(* Let $K$ be the transition kernel of a Markov chain on a general measurable state space $(\mathcal X,\mathcal B(\mathcal X))$ that is reversible with respect to a probability measure $\pi$. Let $\mu_0\ll\pi$ be an initial distribution with $\chi(\mu_0\|\pi)<\infty$, let $h_0=d\mu_0/d\pi$, and let $\mu_n$ be the law of the chain after $n$ steps. Then for all $n\in\mathbb N$, $$\chi(\mu_n\|\pi)^2\ge\chi(\mu_0\|\pi)^2\Big(1-\frac{\mathcal E_{K^2}(h_0,h_0)}{\chi(\mu_0\|\pi)^2}\Big)^n.$$
   Context: Reversibility: $K(x,dy)\pi(dx)=K(y,dx)\pi(dy)$. $K^n$ is the $n$-step kernel, $K^n(x,dy)=\int K^{n-1}(x,dz)K(z,dy)$, and $\mu_n(S)=\int\mu_0(dx)K^n(x,S)$. For $\mu\ll\pi$, $\chi(\mu\|\pi):=\big(\int(\frac{d\mu}{d\pi}-1)^2d\pi\big)^{1/2}$ (so $\chi(\mu\|\pi)^2$ is the $\chi^2$-divergence). For a kernel $P$ reversible w.r.t. $\pi$ and $g\in L_2(\pi)$, the Dirichlet form is $\mathcal E_P(g,g)=\frac12\iint(g(x)-g(y))^2P(x,dy)\pi(dx)$. *)

theory Defs
  imports "HOL-Probability.Probability"
begin

definition reversible :: "'a measure \<Rightarrow> ('a \<Rightarrow> 'a measure) \<Rightarrow> bool" where
  "reversible \<pi> K \<longleftrightarrow>
     (\<forall>A\<in>sets \<pi>. \<forall>B\<in>sets \<pi>.
        (\<integral>\<^sup>+x. indicator A x * emeasure (K x) B \<partial>\<pi>) =
        (\<integral>\<^sup>+y. indicator B y * emeasure (K y) A \<partial>\<pi>))"

fun kpow :: "'a measure \<Rightarrow> ('a \<Rightarrow> 'a measure) \<Rightarrow> nat \<Rightarrow> 'a \<Rightarrow> 'a measure" where
  "kpow M K 0 = return M"
| "kpow M K (Suc n) = (\<lambda>x. kpow M K n x \<bind> K)"

definition law_n :: "'a measure \<Rightarrow> ('a \<Rightarrow> 'a measure) \<Rightarrow> 'a measure \<Rightarrow> nat \<Rightarrow> 'a measure" where
  "law_n M K \<mu>0 n = \<mu>0 \<bind> kpow M K n"

definition chi2 :: "'a measure \<Rightarrow> 'a measure \<Rightarrow> ennreal" where
  "chi2 \<pi> \<mu> = (\<integral>\<^sup>+x. ennreal ((enn2real (RN_deriv \<pi> \<mu> x) - 1)\<^sup>2) \<partial>\<pi>)"

definition dirichlet :: "'a measure \<Rightarrow> ('a \<Rightarrow> 'a measure) \<Rightarrow> ('a \<Rightarrow> real) \<Rightarrow> ennreal" where
  "dirichlet \<pi> P g = (\<integral>\<^sup>+x. (\<integral>\<^sup>+y. ennreal ((g x - g y)\<^sup>2) \<partial>(P x)) \<partial>\<pi>) / 2"

end

theory Submission
  imports Defs
begin

text \<open>Let P be the Markov operator of K. Reversibility makes P self-adjoint on L2(pi), and
  the density of mu_n is h_n = P^n h_0, so c_n := chi(mu_n||pi)^2 = ||h_n||^2 - 1. Self-adjointness
  gives ||h_(m+1)||^2 = <h_m, h_(m+2)>, hence <h_m - 1, h_(m+2) - 1> = c_(m+1), and Cauchy-Schwarz
  yields the log-convexity c_(m+1)^2 <= c_m c_(m+2). Thus the ratios c_(n+1)/c_n increase and
  c_n >= c_0 (c_1/c_0)^n. Finally c_0 - c_1 = ||h_0||^2 - <h_0, P^2 h_0> = E_(K^2)(h_0, h_0).\<close>

lemma log_convex_ge_geometric:
  fixes c :: "nat \<Rightarrow> real"
  assumes nonneg: "\<And>n. 0 \<le> c n" and log_convex: "\<And>m. (c (Suc m))\<^sup>2 \<le> c m * c (Suc (Suc m))"
  shows "c 0 * (c 1 / c 0) ^ n \<le> c n"
proof (cases "c 0 = 0")
  case True
  then show ?thesis using nonneg by simp
next
  case False
  then have c0: "0 < c 0" using nonneg[of 0] by simp
  define r where "r = c 1 / c 0"
  have r0: "0 \<le> r" using nonneg c0 by (simp add: r_def)
  have ratio: "r * c n \<le> c (Suc n)" for n
  proof (induction n)
    case 0
    then show ?case using c0 by (simp add: r_def)
  next
    case (Suc n)
    show ?case
    proof (cases "c n = 0")
      case True
      then have "(c (Suc n))\<^sup>2 \<le> 0" using log_convex[of n] by simp
      then show ?thesis using nonneg[of "Suc (Suc n)"] r0 by simp
    next
      case False
      have "c n * (r * c (Suc n)) = (r * c n) * c (Suc n)" by simp
      also have "\<dots> \<le> c (Suc n) * c (Suc n)" by (rule mult_right_mono[OF Suc nonneg])
      also have "\<dots> \<le> c n * c (Suc (Suc n))" using log_convex[of n] by (simp add: power2_eq_square)
      finally show ?thesis using False nonneg[of n] by simp
    qed
  qed
  have "c 0 * r ^ n \<le> c n" for n
  proof (induction n)
    case (Suc n)
    have "c 0 * r ^ Suc n = r * (c 0 * r ^ n)" by simp
    also have "\<dots> \<le> r * c n" by (rule mult_left_mono[OF Suc r0])
    also have "\<dots> \<le> c (Suc n)" by (rule ratio)
    finally show ?case .
  qed simp
  then show ?thesis by (simp add: r_def)
qed

lemma ennreal_sq_minus_one_add:
  assumes "0 \<le> (v::real)"
  shows "ennreal ((v - 1)\<^sup>2) + 2 * ennreal v = ennreal (v\<^sup>2) + 1"
proof -
  have "ennreal ((v - 1)\<^sup>2) + 2 * ennreal v = ennreal ((v - 1)\<^sup>2 + 2 * v)"
    using assms by (simp add: ennreal_mult)
  also have "(v - 1)\<^sup>2 + 2 * v = v\<^sup>2 + 1" by (simp add: power2_eq_square algebra_simps)
  finally show ?thesis by simp
qed

lemma ennreal_sq_diff_add:
  assumes "0 \<le> (a::real)" "0 \<le> b"
  shows "ennreal ((a - b)\<^sup>2) + 2 * (ennreal a * ennreal b) = ennreal a ^ 2 + ennreal b ^ 2"
proof -
  have "ennreal ((a - b)\<^sup>2) + 2 * (ennreal a * ennreal b) = ennreal ((a - b)\<^sup>2 + 2 * (a * b))"
    using assms by (simp add: ennreal_mult)
  also have "(a - b)\<^sup>2 + 2 * (a * b) = a ^ 2 + b ^ 2" by (simp add: power2_eq_square algebra_simps)
  finally show ?thesis using assms by (simp add: ennreal_power)
qed

lemma ennreal_mult_add_one_le:
  assumes "0 \<le> (a::real)" "0 \<le> b"
  shows "ennreal (a * b) + 1 \<le> ennreal (\<bar>a - 1\<bar> * \<bar>b - 1\<bar>) + ennreal a + ennreal b"
proof -
  have "(a - 1) * (b - 1) \<le> \<bar>a - 1\<bar> * \<bar>b - 1\<bar>" by (metis abs_ge_self abs_mult)
  then have "a * b + 1 \<le> \<bar>a - 1\<bar> * \<bar>b - 1\<bar> + a + b" by (simp add: algebra_simps)
  then have "ennreal (a * b + 1) \<le> ennreal (\<bar>a - 1\<bar> * \<bar>b - 1\<bar> + a + b)" by (rule ennreal_leI)
  then show ?thesis using assms by simp
qed

primrec markov_op_pow :: "('a \<Rightarrow> 'a measure) \<Rightarrow> nat \<Rightarrow> ('a \<Rightarrow> ennreal) \<Rightarrow> 'a \<Rightarrow> ennreal" where
  "markov_op_pow K 0 g = g"
| "markov_op_pow K (Suc n) g = (\<lambda>x. \<integral>\<^sup>+y. markov_op_pow K n g y \<partial>K x)"

locale reversible_markov_kernel =
  fixes \<pi> :: "'a measure" and K :: "'a \<Rightarrow> 'a measure"
  assumes prob_space: "prob_space \<pi>"
    and kernel: "K \<in> \<pi> \<rightarrow>\<^sub>M prob_algebra \<pi>"
    and reversible: "reversible \<pi> K"
begin

lemma kernel_subprob[measurable]: "K \<in> \<pi> \<rightarrow>\<^sub>M subprob_algebra \<pi>"
  using kernel by (rule measurable_prob_algebraD)

lemma prob_space_kernel: "x \<in> space \<pi> \<Longrightarrow> prob_space (K x)"
  and sets_kernel: "x \<in> space \<pi> \<Longrightarrow> sets (K x) = sets \<pi>"
  using measurable_space[OF kernel] by (auto simp: space_prob_algebra)

lemma emeasure_kernel_space: "x \<in> space \<pi> \<Longrightarrow> emeasure (K x) (space (K x)) = 1"
  using prob_space.emeasure_space_1[OF prob_space_kernel] .

lemma measurable_nn_integral_kernel[measurable]:
  "g \<in> borel_measurable \<pi> \<Longrightarrow> (\<lambda>x. \<integral>\<^sup>+y. g y \<partial>K x) \<in> borel_measurable \<pi>"
  by (rule measurable_compose[OF kernel_subprob nn_integral_measurable_subprob_algebra])

lemma measurable_markov_op_pow[measurable]:
  "g \<in> borel_measurable \<pi> \<Longrightarrow> markov_op_pow K n g \<in> borel_measurable \<pi>"
  by (induction n) auto

lemma kernel_subprob_density: "K \<in> density \<pi> g \<rightarrow>\<^sub>M subprob_algebra \<pi>"
  using kernel_subprob by (simp cong: measurable_cong_sets)

lemma sets_bind_density: "sets (density \<pi> g \<bind> K) = sets \<pi>"
  using prob_space.not_empty[OF prob_space] by (subst sets_bind) (auto simp: sets_kernel)

lemma emeasure_bind_density:
  assumes [measurable]: "g \<in> borel_measurable \<pi>" and A: "A \<in> sets \<pi>"
  shows "emeasure (density \<pi> g \<bind> K) A = (\<integral>\<^sup>+x. g x * emeasure (K x) A \<partial>\<pi>)"
proof -
  have [measurable]: "(\<lambda>x. emeasure (K x) A) \<in> borel_measurable \<pi>"
    using measurable_emeasure_kernel[OF kernel_subprob A] .
  show ?thesis
    using prob_space.not_empty[OF prob_space]
    by (subst emeasure_bind[OF _ kernel_subprob_density A]) (auto simp: nn_integral_density)
qed

lemma nn_integral_bind_density:
  assumes [measurable]: "g \<in> borel_measurable \<pi>" "f \<in> borel_measurable \<pi>"
  shows "(\<integral>\<^sup>+y. f y \<partial>(density \<pi> g \<bind> K)) = (\<integral>\<^sup>+x. g x * (\<integral>\<^sup>+y. f y \<partial>K x) \<partial>\<pi>)"
  by (subst nn_integral_bind[OF _ kernel_subprob_density]) (auto simp: nn_integral_density)

text \<open>The only use of reversibility.\<close>
lemma bind_density_indicator:
  assumes B: "B \<in> sets \<pi>"
  shows "density \<pi> (indicator B) \<bind> K = density \<pi> (\<lambda>y. emeasure (K y) B)"
proof (rule measure_eqI)
  fix A assume "A \<in> sets (density \<pi> (indicator B) \<bind> K)"
  then have A: "A \<in> sets \<pi>" by (simp add: sets_bind_density)
  have "emeasure (density \<pi> (indicator B) \<bind> K) A = (\<integral>\<^sup>+x. indicator B x * emeasure (K x) A \<partial>\<pi>)"
    using A B by (simp add: emeasure_bind_density)
  also have "\<dots> = (\<integral>\<^sup>+x. indicator A x * emeasure (K x) B \<partial>\<pi>)"
    using reversible A B unfolding reversible_def by auto
  also have "\<dots> = emeasure (density \<pi> (\<lambda>y. emeasure (K y) B)) A"
    using A B by (simp add: emeasure_density mult.commute)
  finally show "emeasure (density \<pi> (indicator B) \<bind> K) A = emeasure (density \<pi> (\<lambda>y. emeasure (K y) B)) A" .
qed (simp add: sets_bind_density)

lemma nn_integral_indicator_kernel:
  assumes A: "A \<in> sets \<pi>" and [measurable]: "g \<in> borel_measurable \<pi>"
  shows "(\<integral>\<^sup>+x. indicator A x * (\<integral>\<^sup>+y. g y \<partial>K x) \<partial>\<pi>) = (\<integral>\<^sup>+x. g x * emeasure (K x) A \<partial>\<pi>)"
proof -
  have "(\<integral>\<^sup>+x. indicator A x * (\<integral>\<^sup>+y. g y \<partial>K x) \<partial>\<pi>) = (\<integral>\<^sup>+y. g y \<partial>(density \<pi> (indicator A) \<bind> K))"
    using A by (simp add: nn_integral_bind_density)
  also have "\<dots> = (\<integral>\<^sup>+x. emeasure (K x) A * g x \<partial>\<pi>)"
    using A by (simp add: bind_density_indicator nn_integral_density)
  finally show ?thesis by (simp add: mult.commute)
qed

lemma bind_density:
  assumes [measurable]: "g \<in> borel_measurable \<pi>"
  shows "density \<pi> g \<bind> K = density \<pi> (\<lambda>x. \<integral>\<^sup>+y. g y \<partial>K x)"
proof (rule measure_eqI)
  fix A assume "A \<in> sets (density \<pi> g \<bind> K)"
  then have "A \<in> sets \<pi>" by (simp add: sets_bind_density)
  then show "emeasure (density \<pi> g \<bind> K) A = emeasure (density \<pi> (\<lambda>x. \<integral>\<^sup>+y. g y \<partial>K x)) A"
    by (simp add: emeasure_bind_density emeasure_density nn_integral_indicator_kernel mult.commute)
qed (simp add: sets_bind_density)

lemma nn_integral_kernel_symmetric:
  assumes [measurable]: "f \<in> borel_measurable \<pi>" "g \<in> borel_measurable \<pi>"
  shows "(\<integral>\<^sup>+x. f x * (\<integral>\<^sup>+y. g y \<partial>K x) \<partial>\<pi>) = (\<integral>\<^sup>+x. g x * (\<integral>\<^sup>+y. f y \<partial>K x) \<partial>\<pi>)"
proof -
  have "(\<integral>\<^sup>+x. f x * (\<integral>\<^sup>+y. g y \<partial>K x) \<partial>\<pi>) = (\<integral>\<^sup>+x. f x \<partial>(density \<pi> g \<bind> K))"
    by (simp add: bind_density nn_integral_density mult.commute)
  also have "\<dots> = (\<integral>\<^sup>+x. g x * (\<integral>\<^sup>+y. f y \<partial>K x) \<partial>\<pi>)"
    by (simp add: nn_integral_bind_density)
  finally show ?thesis .
qed

lemma nn_integral_kernel_stationary:
  assumes [measurable]: "g \<in> borel_measurable \<pi>"
  shows "(\<integral>\<^sup>+x. (\<integral>\<^sup>+y. g y \<partial>K x) \<partial>\<pi>) = (\<integral>\<^sup>+x. g x \<partial>\<pi>)"
proof -
  have "(\<integral>\<^sup>+x. (\<integral>\<^sup>+y. g y \<partial>K x) \<partial>\<pi>) = (\<integral>\<^sup>+x. 1 * (\<integral>\<^sup>+y. g y \<partial>K x) \<partial>\<pi>)" by simp
  also have "\<dots> = (\<integral>\<^sup>+x. g x * (\<integral>\<^sup>+y. 1 \<partial>K x) \<partial>\<pi>)" by (rule nn_integral_kernel_symmetric) auto
  also have "\<dots> = (\<integral>\<^sup>+x. g x \<partial>\<pi>)" by (rule nn_integral_cong) (simp add: emeasure_kernel_space)
  finally show ?thesis .
qed

lemma nn_integral_kernel_sq_le:
  assumes x: "x \<in> space \<pi>" and [measurable]: "g \<in> borel_measurable \<pi>"
  shows "(\<integral>\<^sup>+y. g y \<partial>K x)\<^sup>2 \<le> (\<integral>\<^sup>+y. g y ^ 2 \<partial>K x)"
proof -
  have "g \<in> borel_measurable (K x)" using sets_kernel[OF x] by (simp cong: measurable_cong_sets)
  then have "(\<integral>\<^sup>+y. g y * 1 \<partial>K x)\<^sup>2 \<le> (\<integral>\<^sup>+y. g y ^ 2 \<partial>K x) * (\<integral>\<^sup>+y. 1 ^ 2 \<partial>K x)"
    by (rule Cauchy_Schwarz_nn_integral) simp
  then show ?thesis using emeasure_kernel_space[OF x] by simp
qed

WHAT TO DO:
Copy every line from the entries that contains the word "imports".

RESPONSE FOR THIS EXERCISE:
  imports "HOL-Probability.Probability"
  imports Defs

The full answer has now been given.